Штаб Северского резко отличается от нашего. Прежде всего, все в нем были сыты, жили в тепле — в лесной сторожке Нижний Аппалах, топили печи, спали в нижнем белье, пели песни.

Это не в укор ему, Северскому, а к тому, что я и Домнин были ошеломлены, увидев все это. Ну, например, стол, покрытый скатертью, хлеб настоящий хлеб!

Нас встретили по-братски, обрадовались, особенно Никаноров.

Увидел нас — ахнул:

— Вывели-таки отряды!

— Общипанными, — улыбнулся Домнин.

— Хлебнули, видать, горя. Так, товарищ? — Северский крепко пожал мне руку. — Надо было ошибку Красникова исправлять сразу же… А вы подзадержались там…

— Не считаю, что напрасно, товарищ замкомандующего. — Нервы у меня как оголенный электрический провод. Коснись — искра.

— Потом, потом, — мягко говорит Никаноров, тянет меня к столу.

— Ничего, злее будем, — отшучиваюсь я.

— Да уж дальше некуда. Из вас зло и так прет. Посмотрите-ка на себя. Северский, смеясь, подал мне зеркало.

— Сколько вам лет? Наверное, пятый десяток меняете, — посочувствовал мне Никаноров.

Я сказал, что мне еще далеко до тридцати.

— Отношения потом выясним. — Северский посмотрел на входную дверь. Фомин!

Входит стройный моряк, готовый в огонь, в воду, к черту на рога только прикажи.

Каблуками щелк, глаза на командира:

— Есть Фомин!

— Братию в баню, да по-нашенски.

Неправду говорят, что в тяжелой обстановке не бывает счастливых минут. Мы, по крайней мере, от всей души наслаждались баней.

После бани нас ждал накрытый стол.

— За выход из кольца врага, за новые, боевые успехи! — Северский поднял стопку и молодцевато опрокинул. — Поход ваш похлестче ледяного марша Каледина. Исторический!

— Мраморные обелиски потом, — остановил его Никаноров, повернулся лицом ко мне и к Домнину: — Севастопольские партизаны совершили подвиг, но… Не мне вас напутствовать, а по-дружески скажу. По-дружески, Виктор, хлопнул Домнина по плечу. — Вот сейчас ударите по врагу поближе к фронту это и будет высшая награда за пережитое, лучашая память погибшим. Ну, хлопцы, за победу!

У меня запершило что-то в горле.

Северский вдруг расщедрился:

— Выделяю двух коров, два пуда соли. Действуй, братия.

Междуречье Кача — Писара — Донга — дикий край Крымского заповедника.
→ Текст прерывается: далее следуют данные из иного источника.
lemma kbd_kwedge_not_mem:
  fixes z :: "nat set \<Rightarrow> 'k::comm_ring_1"
  assumes c: "c < N" "c \<notin> G"
  shows "kbd N (kwedge c z) G = z G"
proof -
  have "kbd N (kwedge c z) G
      = (\<Sum>j\<in>{..<N} - G. if j = c then koszul_sign G c * (koszul_sign G c * z G) else 0)"
    unfolding kbd_koszul_sign using c(2) by (intro sum.cong) (auto simp: kwedge_def)
  also have "\<dots> = koszul_sign G c * koszul_sign G c * z G"
    using c by simp
  finally show ?thesis
    by (simp add: koszul_sign_square)
qed

lemma kbd_kwedge:
  fixes z :: "nat set \<Rightarrow> 'k::comm_ring_1"
  assumes c: "c < N" and cycle: "kbd N z = (\<lambda>_. 0)"
  shows "kbd N (kwedge c z) = z"
proof
  fix G
  show "kbd N (kwedge c z) G = z G"
  proof (cases "c \<in> G")
    case False
    with c show ?thesis
      by (rule kbd_kwedge_not_mem)
  next
    case True
    define H where "H = G - {c}"
    have G: "G = insert c H" "c \<notin> H"
      using True unfolding H_def by auto
    have split: "{..<N} - H = insert c ({..<N} - G)" "c \<notin> {..<N} - G"
      using c G by auto
    have "kbd N z H = 0"
      using cycle by simp
    then have sum_eq:
        "(\<Sum>j\<in>{..<N} - G. koszul_sign H j * z (insert j H)) = - (koszul_sign H c * z G)"
      unfolding kbd_koszul_sign split using split(2) G(1)
      by (simp add: eq_neg_iff_add_eq_0 add.commute)
    have "kbd N (kwedge c z) G
        = (\<Sum>j\<in>{..<N} - G. - koszul_sign H c * (koszul_sign H j * z (insert j H)))"
      unfolding kbd_koszul_sign
    proof (intro sum.cong refl)
      fix j assume "j \<in> {..<N} - G"
      then have "j \<noteq> c" "j \<notin> H" "insert j G - {c} = insert j H"
        using G by auto
      then show "koszul_sign G j * kwedge c z (insert j G)
          = - koszul_sign H c * (koszul_sign H j * z (insert j H))"
        unfolding kwedge_def using G by (cases "c < j") (auto simp: koszul_sign_insert)
    qed
    also have "\<dots> = - koszul_sign H c * (\<Sum>j\<in>{..<N} - G. koszul_sign H j * z (insert j H))"
      by (simp add: sum_distrib_left)
    also have "\<dots> = koszul_sign H c * koszul_sign H c * z G"
      unfolding sum_eq by simp
    finally show ?thesis
      by (simp add: koszul_sign_square)
  qed
qed
(* The existence part asks for a basis of type nat, so the coset G-set is carried into nat
   along an injection. *)
definition transport_action :: "('x \<Rightarrow> 'y) \<Rightarrow> 'x set \<Rightarrow> ('a \<Rightarrow> 'x \<Rightarrow> 'x) \<Rightarrow> 'a \<Rightarrow> 'y \<Rightarrow> 'y"
  where "transport_action h A \<phi> g = (\<lambda>y \<in> h ` A. h (\<phi> g (the_inv_into A h y)))"

context group_action
begin

lemma transport_action_apply: "inj_on h E \<Longrightarrow> x \<in> E \<Longrightarrow> transport_action h E \<phi> g (h x) = h (\<phi> g x)"
  by (simp add: transport_action_def the_inv_into_f_f)

lemma group_action_transport_action:
  assumes "inj_on h E"
  shows "group_action G (h ` E) (transport_action h E \<phi>)"
proof -
  interpret group G
    using group_hom group_hom.axioms(1) by blast
  note transport_apply = transport_action_apply[OF assms]
  have closed: "\<phi> g x \<in> E" if "g \<in> carrier G" "x \<in> E" for g x
    using element_image that by blast
  show ?thesis
  proof (rule group_actionI)
    show "group G" ..
  next
    show "transport_action h E \<phi> g \<in> extensional (h ` E)" for g
      by (simp add: transport_action_def)
  next
    show "transport_action h E \<phi> g y \<in> h ` E" if "g \<in> carrier G" "y \<in> h ` E" for g y
      using that closed by (auto simp: transport_apply)
  next
    show "transport_action h E \<phi> (g \<otimes> k) y = transport_action h E \<phi> g (transport_action h E \<phi> k y)"
      if "g \<in> carrier G" "k \<in> carrier G" "y \<in> h ` E" for g k y
      using that closed by (auto simp: transport_apply composition_rule)
  next
    show "transport_action h E \<phi> \<one> y = y" if "y \<in> h ` E" for y
      using that by (auto simp: transport_apply id_eq_one[symmetric])
  qed
qed

lemma orbit_transport_action:
  "inj_on h E \<Longrightarrow> x \<in> E \<Longrightarrow> orbit G (transport_action h E \<phi>) (h x) = h ` orbit G \<phi> x"
  by (auto simp: orbit_def transport_action_apply)

lemma stabilizer_transport_action:
  "inj_on h E \<Longrightarrow> x \<in> E \<Longrightarrow> stabilizer G (transport_action h E \<phi>) (h x) = stabilizer G \<phi> x"
  using element_image by (auto simp: stabilizer_def transport_action_apply inj_on_eq_iff)

end

lemma (in two_orbit_action) two_orbit_action_transport:
  assumes "inj_on h E"
  shows "two_orbit_action G (h ` E) (transport_action h E \<phi>) (h m1) (h m2)"
proof -
  interpret transported: group_action G "h ` E" "transport_action h E \<phi>"
    using group_action_transport_action[OF assms] .
  have orbits: "orbit G (transport_action h E \<phi>) (h m1) = h ` O1"
    "orbit G (transport_action h E \<phi>) (h m2) = h ` O2"
    using assms m1_in m2_in by (simp_all add: orbit_transport_action)
  have "O1 \<subseteq> E" "O2 \<subseteq> E"
    using orbits_subset_E by blast+
  show ?thesis
  proof (unfold_locales, unfold orbits)
    show "h ` E = h ` O1 \<union> h ` O2"
      using E_eq by (metis image_Un)
    show "h ` O1 \<inter> h ` O2 = {}"
      using inj_on_image_Int[OF assms \<open>O1 \<subseteq> E\<close> \<open>O2 \<subseteq> E\<close>] orbits_disjoint by simp
  qed (use finite_carrier m1_in m2_in in auto)
qed

(* G acting on the disjoint union of its right coset spaces H i \<setminus> G; translating by the
   inverse makes it a left action. *)
definition rcosets_sum_action ::
  "('a, 'b) monoid_scheme \<Rightarrow> 'i set \<Rightarrow> ('i \<Rightarrow> 'a set) \<Rightarrow> 'a \<Rightarrow> 'i \<times> 'a set \<Rightarrow> 'i \<times> 'a set"
  where "rcosets_sum_action G I H g =
    (\<lambda>p \<in> (SIGMA i:I. rcosets\<^bsub>G\<^esub> (H i)). (fst p, snd p #>\<^bsub>G\<^esub> inv\<^bsub>G\<^esub> g))"

context group
begin

lemma rcosets_mult_closed:
  assumes "H \<subseteq> carrier G" "C \<in> rcosets H" "x \<in> carrier G"
  shows "C #> x \<in> rcosets H"
proof -
  obtain a where "a \<in> carrier G" "C = H #> a"
    using assms(2) by (auto simp: RCOSETS_def)
  then show ?thesis
    using assms by (simp add: coset_mult_assoc rcosetsI)
qed

context
  fixes I and H :: "'i \<Rightarrow> 'a set"
  assumes subgroups: "\<And>i. i \<in> I \<Longrightarrow> subgroup (H i) G"
begin

lemma group_action_rcosets_sum_action:
  "group_action G (SIGMA i:I. rcosets (H i)) (rcosets_sum_action G I H)"
proof (rule group_actionI)
  have subsets: "H i \<subseteq> carrier G" "C \<subseteq> carrier G" if "i \<in> I" "C \<in> rcosets (H i)" for i C
    using subgroup.subset[OF subgroups] subgroup.rcosets_carrier[OF subgroups is_group] that by auto
  show "group G" ..
  show "rcosets_sum_action G I H g \<in> extensional (SIGMA i:I. rcosets (H i))" for g
    by (simp add: rcosets_sum_action_def)
  show "rcosets_sum_action G I H g p \<in> (SIGMA i:I. rcosets (H i))"
    if "g \<in> carrier G" "p \<in> (SIGMA i:I. rcosets (H i))" for g p
    using that subsets rcosets_mult_closed by (auto simp: rcosets_sum_action_def)
  show "rcosets_sum_action G I H (g \<otimes> k) p = rcosets_sum_action G I H g (rcosets_sum_action G I H k p)"
    if "g \<in> carrier G" "k \<in> carrier G" "p \<in> (SIGMA i:I. rcosets (H i))" for g k p
    using that subsets rcosets_mult_closed
    by (auto simp: rcosets_sum_action_def inv_mult_group coset_mult_assoc)
  show "rcosets_sum_action G I H \<one> p = p" if "p \<in> (SIGMA i:I. rcosets (H i))" for p
    using that subsets by (auto simp: rcosets_sum_action_def)
qed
Головокружительные скалы, древний лес, сейчас молодящийся набухающими почками, шумные потоки горных рек, недосягаемые кручи.

Непонятная, непривычная тишина.

Странно мы чувствуем себя в большом лесу, настороженно прислушиваемся к глухой тишине и чего-то ждем.

Проходят еще одни сутки, начинаем медленно осваиваться с местностью; а тут Севастопольский участок ожил или слышимость стала лучше, но с запада доходят до нас звуки разрывов и даже отдельные пулеметные трели. Это нас возвращает к испытанному.

Но есть еще одно чувство: удалившись от фронта, мы будто покинули близкого человека, который очень нуждается в нас.

В первые же дни Севастопольский отряд совершил нападение и уничтожил гарнизон в деревне Стиля. За севастопольцами пошли другие наши отряды. После всего пройденного, испытанного, пережитого людям казалось, что ничего не страшно. Главным образом этим можно объяснить проявившуюся в первые дни боевую активность района.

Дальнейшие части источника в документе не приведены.